The posts of Han sqeep them away throught he clouds,
The men of Hu lead them over the snow.
-- Mei Yao-ch'en, 11th c. CE (tr. Schafer)
Rock drawing of Juan-juan warrior (?)
Found at Salkhitiyn Shuuduun Zost, near Tsambagarav Uul
5th - early 6th century
There is still some debate regarding the identity of the culture responsible for these striking drawings. Part of the difficulty in dating these drawings is the fact that Salkhitiyn Shuuduun Zost, a site in Mongolia, has been a popular location for petroglyph creation ever since the Neolithic period (see alternate view), and there are many places where the drawings have overlapped, faded or been altered.

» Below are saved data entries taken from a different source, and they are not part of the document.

(* Let $\mathcal T$ be an oscillating tableau of length $r$ and let $(\iota,T)$ be its image under Sundaram's first bijection. Then $\mathrm{Des}(\mathcal T)=\mathrm{Des}(\iota,T)$.
   Context: An oscillating tableau of length $r$ is a sequence of partitions $(\emptyset=\mu^0,\dots,\mu^r)$ with consecutive Ferrers diagrams (English notation) differing by exactly one box; step $k$ is an expansion or contraction according as the box $b_k$ is added or removed. $\mathrm{Des}(\mathcal T)$ is the set of $k\in\{1,\dots,r-1\}$ such that (i) step $k$ is an expansion and step $k+1$ a contraction, or (ii) both are expansions and $b_k$ is in a row strictly above $b_{k+1}$, or (iii) both are contractions and $b_k$ is in a row strictly below $b_{k+1}$. A partial Young tableau is a filling of a Ferrers shape by distinct positive integers increasing along rows and columns. Column deletion of the entry $y$ in a corner box in column $j$: remove it, then for columns $j-1,\dots,1$ in turn replace the largest entry smaller than the current $y$ by $y$ and let $y$ be the replaced entry; the final $y$ is the output $x$. Sundaram's first bijection: set $\iota_0=T_0=\emptyset$; for $k=1,\dots,r$, if step $k$ is an expansion then $\iota_k=\iota_{k-1}$ and $T_k$ is $T_{k-1}$ with $k$ placed in $b_k$; if a contraction, column-delete the entry of $b_k$ from $T_{k-1}$ getting $x$ and $T_k$, and let $\iota_k=\iota_{k-1}$ with the transposition $(x,k)$ adjoined. The output is $(\iota,T)=(\iota_r,T_r)$, where $\iota$ is a fixed-point-free involution on a set $A\subseteq\{1,\dots,r\}$ and $T$ has entry set $\{1,\dots,r\}\setminus A$. Descents: for a bijection $\iota:A\to A$, $\mathrm{Des}(\iota)=\{k: k,k+1\in A,\ \iota(k)>\iota(k+1)\}$; for a partial tableau $T$ with entry set $B$, $\mathrm{Des}(T)=\{k:k,k+1\in B,\ k+1 \text{ in a row strictly below } k\}$; for sets $X,Y$, $\mathrm{Des}(X/Y)=\{k: k\in X,\ k+1\in Y\}$, and $\mathrm{Des}(T/\iota)$ means $\mathrm{Des}(B/A)$. Finally $\mathrm{Des}(\iota,T)=\mathrm{Des}(\iota)\cup\mathrm{Des}(T)\cup\mathrm{Des}(T/\iota)$ (a disjoint union). *)

theory Defs
  imports Main
begin

text \<open>Cells are pairs (row, column), 0-indexed, English notation: row 0 is the top row,
  so "row i strictly above row i'" means i < i'.  A partition is represented by its
  Ferrers diagram, a finite down-closed set of cells.\<close>

type_synonym cell = "nat \<times> nat"
type_synonym diagram = "cell set"
type_synonym tab = "cell \<Rightarrow> nat option"

definition ferrers :: "diagram \<Rightarrow> bool" where
  "ferrers D \<longleftrightarrow> finite D \<and>
     (\<forall>i j i' j'. (i, j) \<in> D \<and> i' \<le> i \<and> j' \<le> j \<longrightarrow> (i', j') \<in> D)"

definition osc_tableau :: "nat \<Rightarrow> diagram list \<Rightarrow> bool" where
  "osc_tableau r mus \<longleftrightarrow> length mus = Suc r \<and> mus ! 0 = {} \<and>
     (\<forall>k \<le> r. ferrers (mus ! k)) \<and>
     (\<forall>k \<in> {1..r}. \<exists>b. (mus ! (k - 1) - mus ! k) \<union> (mus ! k - mus ! (k - 1)) = {b})"

definition box :: "diagram list \<Rightarrow> nat \<Rightarrow> cell" where
  "box mus k = (THE b. b \<in> (mus ! (k - 1) - mus ! k) \<union> (mus ! k - mus ! (k - 1)))"

definition expansion :: "diagram list \<Rightarrow> nat \<Rightarrow> bool" where
  "expansion mus k \<longleftrightarrow> box mus k \<in> mus ! k"

definition contraction :: "diagram list \<Rightarrow> nat \<Rightarrow> bool" where
  "contraction mus k \<longleftrightarrow> box mus k \<in> mus ! (k - 1)"

definition Des_osc :: "nat \<Rightarrow> diagram list \<Rightarrow> nat set" where
  "Des_osc r mus = {k \<in> {1..r - 1}.
      (expansion mus k \<and> contraction mus (k + 1))
    \<or> (expansion mus k \<and> expansion mus (k + 1) \<and> fst (box mus k) < fst (box mus (k + 1)))
    \<or> (contraction mus k \<and> contraction mus (k + 1) \<and> fst (box mus k) > fst (box mus (k + 1)))}"

definition partial_young :: "tab \<Rightarrow> bool" where
  "partial_young T \<longleftrightarrow> ferrers (dom T) \<and> inj_on T (dom T) \<and> 0 \<notin> ran T \<and>
     (\<forall>i j v w. T (i, j) = Some v \<and> T (i, Suc j) = Some w \<longrightarrow> v < w) \<and>
     (\<forall>i j v w. T (i, j) = Some v \<and> T (Suc i, j) = Some w \<longrightarrow> v < w)"

text \<open>bump T c y processes columns c-1, ..., 0 (0-indexed) in turn: in the current
  column, replace the largest entry smaller than y by y, and continue with the
  replaced entry.\<close>
fun bump :: "tab \<Rightarrow> nat \<Rightarrow> nat \<Rightarrow> tab \<times> nat" where
  "bump T 0 y = (T, y)"
| "bump T (Suc c) y =
     (let v = Max {v. \<exists>i. T (i, c) = Some v \<and> v < y};
          i = (THE i. T (i, c) = Some v)
      in bump (T((i, c) := Some y)) c v)"

definition col_delete :: "tab \<Rightarrow> cell \<Rightarrow> tab \<times> nat" where
  "col_delete T b = bump (T(b := None)) (snd b) (the (T b))"

text \<open>Sundaram's first bijection, state after step k: (iota_k, T_k), where the
  involution iota is a partial map with domain A.\<close>
fun sundaram :: "diagram list \<Rightarrow> nat \<Rightarrow> (nat \<rightharpoonup> nat) \<times> tab" where
  "sundaram mus 0 = (Map.empty, Map.empty)"
| "sundaram mus (Suc k) =
     (let (\<iota>, T) = sundaram mus k; b = box mus (Suc k) in
      if expansion mus (Suc k) then (\<iota>, T(b \<mapsto> Suc k))
      else (let (T', x) = col_delete T b in (\<iota>(x \<mapsto> Suc k, Suc k \<mapsto> x), T')))"

definition Des_inv :: "(nat \<rightharpoonup> nat) \<Rightarrow> nat set" where
  "Des_inv \<iota> = {k. k \<in> dom \<iota> \<and> Suc k \<in> dom \<iota> \<and> the (\<iota> k) > the (\<iota> (Suc k))}"

definition row_of :: "tab \<Rightarrow> nat \<Rightarrow> nat" where
  "row_of T v = (THE i. \<exists>j. T (i, j) = Some v)"

definition Des_tab :: "tab \<Rightarrow> nat set" where
  "Des_tab T = {k. k \<in> ran T \<and> Suc k \<in> ran T \<and> row_of T (Suc k) > row_of T k}"

definition Des_sets :: "nat set \<Rightarrow> nat set \<Rightarrow> nat set" where
  "Des_sets X Y = {k. k \<in> X \<and> Suc k \<in> Y}"

definition Des_pair :: "(nat \<rightharpoonup> nat) \<times> tab \<Rightarrow> nat set" where
  "Des_pair p = (case p of (\<iota>, T) \<Rightarrow> Des_inv \<iota> \<union> Des_tab T \<union> Des_sets (ran T) (dom \<iota>))"

end

theory Submission
  imports Defs
begin

text \<open>
  Whether k is a descent of the pair (iota, T) is settled once step k + 1 of the bijection has
  been performed; later steps never change it. An expansion only adds a new, larger entry; a
  contraction pairs the new value with the output x of a column deletion. Column deletion keeps
  the relative rows of any two consecutive entries a, a + 1 that stay in the tableau, because the
  values moving from column to column never pass the row of a neighbour; and when x is a or a + 1,
  pairing it with the new value reproduces exactly its old descent status.

  At step k + 1 itself the descent rules (i)-(iii) can be read off directly, except for two
  successive contractions. There, comparing the two bumping paths column by column shows that the
  second output is smaller than the first exactly when the second box lies strictly above the
  first.
\<close>

section \<open>Increasing fillings\<close>

lemma ferrers_downward: "ferrers D \<Longrightarrow> (i, j) \<in> D \<Longrightarrow> i' \<le> i \<Longrightarrow> j' \<le> j \<Longrightarrow> (i', j') \<in> D"
  unfolding ferrers_def by blast

lemma ferrers_finite: "ferrers D \<Longrightarrow> finite D"
  unfolding ferrers_def by blast

text \<open>The transitive form of the row and column conditions of partial_young;
  on Ferrers shapes the two agree.\<close>

definition increasing_tab :: "tab \<Rightarrow> bool" where
  "increasing_tab T \<longleftrightarrow> inj_on T (dom T) \<and>
     (\<forall>i j i' j' v w. T (i, j) = Some v \<longrightarrow> T (i', j') = Some w \<longrightarrow>
        i \<le> i' \<longrightarrow> j \<le> j' \<longrightarrow> (i, j) \<noteq> (i', j') \<longrightarrow> v < w)"

lemma increasing_tabD:
  "increasing_tab T \<Longrightarrow> T (i, j) = Some v \<Longrightarrow> T (i', j') = Some w \<Longrightarrow>
    i \<le> i' \<Longrightarrow> j \<le> j' \<Longrightarrow> (i, j) \<noteq> (i', j') \<Longrightarrow> v < w"
  unfolding increasing_tab_def by blast

lemma increasing_tab_inj: "increasing_tab T \<Longrightarrow> T a = Some v \<Longrightarrow> T b = Some v \<Longrightarrow> a = b"
  unfolding increasing_tab_def inj_on_def by (metis domI)

lemma increasing_tab_empty: "increasing_tab Map.empty"
  unfolding increasing_tab_def by simp

lemma increasing_tab_delete: "increasing_tab T \<Longrightarrow> increasing_tab (T(b := None))"
  unfolding increasing_tab_def inj_on_def by (auto split: if_splits)

lemma increasing_tab_update:
  assumes T: "increasing_tab T" and fresh: "y \<notin> ran (T(b := None))"
    and before: "\<And>i j v. T (i, j) = Some v \<Longrightarrow> i \<le> fst b \<Longrightarrow> j \<le> snd b \<Longrightarrow> (i, j) \<noteq> b \<Longrightarrow> v < y"
    and after: "\<And>i j w. T (i, j) = Some w \<Longrightarrow> fst b \<le> i \<Longrightarrow> snd b \<le> j \<Longrightarrow> (i, j) \<noteq> b \<Longrightarrow> y < w"
  shows "increasing_tab (T(b \<mapsto> y))"
  unfolding increasing_tab_def
proof (intro conjI allI impI)
  have other: "T z \<noteq> Some y" if "z \<noteq> b" for z
  proof
    assume "T z = Some y"
    then have "(T(b := None)) z = Some y" using that by simp
    then show False using fresh by (blast intro: ranI)
  qed
  show "inj_on (T(b \<mapsto> y)) (dom (T(b \<mapsto> y)))"
    unfolding inj_on_def
  proof (intro ballI impI)
    fix a c assume "a \<in> dom (T(b \<mapsto> y))" "(T(b \<mapsto> y)) a = (T(b \<mapsto> y)) c"
    then obtain v where "(T(b \<mapsto> y)) a = Some v" "(T(b \<mapsto> y)) c = Some v"
      by (metis domD)
    then show "a = c"
      using other[of a] other[of c] increasing_tab_inj[OF T, of a v c]
      by (cases "a = b"; cases "c = b") auto
  qed
next
  fix i j i' j' v w
  assume v: "(T(b \<mapsto> y)) (i, j) = Some v" and w: "(T(b \<mapsto> y)) (i', j') = Some w"
    and le: "i \<le> i'" "j \<le> j'" and ne: "(i, j) \<noteq> (i', j')"
  show "v < w"
  proof (cases "(i, j) = b")
    case True
    then show ?thesis using v w ne le after[of i' j' w] by auto
  next
    case False
    show ?thesis
    proof (cases "(i', j') = b")
      case True
      then show ?thesis using v w False le before[of i j v] by auto
    next
      case False
      then show ?thesis using v w \<open>(i, j) \<noteq> b\<close> le ne increasing_tabD[OF T] by auto
    qed
  qed
qed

Scholarly consensus originally dated these horsemen to sometime in the 6th - 7th centuries CE, a time corresponding to the period of Tujue control of the Mongolian steppes. In 1990 this date was reappraised when similarities were pointed out between the armor depicted on these horsemen and that known to have been worn by the Juan-juan. Though no firm consensus has been reached, today the rock drawings are generally dated to the 5th - early 6th century and credited to the Juan-juan.
Animals are an essential part of the story of the Silk Road. While those such as sheep and goats provided many communities the essentials of daily life, horses and camels both supplied local needs and were keys to the development of international relations and trade. Even today in Mongolia and some areas of Kazakhstan, the rural economy may still be very intimately connected with the raising of horses and camels; their milk products and, even occasionally, their meat, are a part of the local diet. The distinct natural environments of much of Inner Asia encompassing vast steppe lands and major deserts made those animals essential for the movement of armies and trade. The animals' value to the neighboring sedentary societies, moreover, meant that they themselves were objects of trade. Given their importance, the horse and camel occupied a significant place in the literatures and representational art of many peoples along the Silk Road.
Belt buckle featuring horse and rider
Parthian, 2nd-3rd century AD
Leaded bronze
Height: 7 cm
Width: 7.2 cm
Acquisition number: #ANE 139205 Image courtesy of the British Museum (copyright reserved)
This belt buckle depicts a helmeted Parthian horseman armed with bearing a large ring in his left hand, while his right hand rests on the back of his saddle. Like the rider, the horse is highly stylized. Studies of Parthian statuary indicate that such flamboyant belt buckles were common during this times, particularly those found on the statues recovered from the contemporary caravan city of Hatra on the western edge of the Parthian Empire, in northern Mesopotamia.1
Not much remains of any Hellenistic influence in this piece, yet neither do we see strong reference to the pre-Seleucid Achaemenid culture, which so interested the Parthians in the later centuries. Rather, this belt buckle speaks to us of the nomadic culture of peoples who settled in the northern parts of Parthia. These peoples settled in the lands east of the Caspian Sea, and contributed much to Parthian culture as they were integrated into a more sedentary lifestyle.
(1) See the British Museum web page dedicated to this object.
With the development of the light, spoked wheel in the second millennium BCE, horses came to be used to draw military chariots, remains of which have been found in tombs all across Eurasia. The use of horses as cavalry mounts probably spread eastward from Western Asia in the early part of the first millennium BCE. Natural conditions suitable for raising horses large and strong enough for military use were to be found in the steppes and mountain pastures of Northern and Central Inner Asia, but generally not in the regions best suited for intensive agriculture such as Central China. Marco Polo would note much later regarding the lush mountain pastures: "Here is the best pasturage in the world; for a lean beast grows fat here in ten days" (Latham tr.). Thus, well before the famous journey to the west of Zhang Qian (138-126 BCE), sent by the Han emperor to negotiate an alliance against the nomadic Xiongnu, China had been importing horses from the northern nomads.
The relations between the Xiongnu and China have traditionally been seen as marking the real start of the Silk Road, since it was in the second century BCE that we can document large quantities of silk being sent on a regular basis to the nomads as a way of keeping them from invading China and also as a means of payment for the horses and camels needed by the Chinese armies. Zhang Qian's report about the Western Regions and the rebuff of initial Chinese overtures for allies prompted energetic measures by the Han to extend their power to the west. Not the least of the goals was to secure a supply of the "blood-sweating" "heavenly" horses of Ferghana.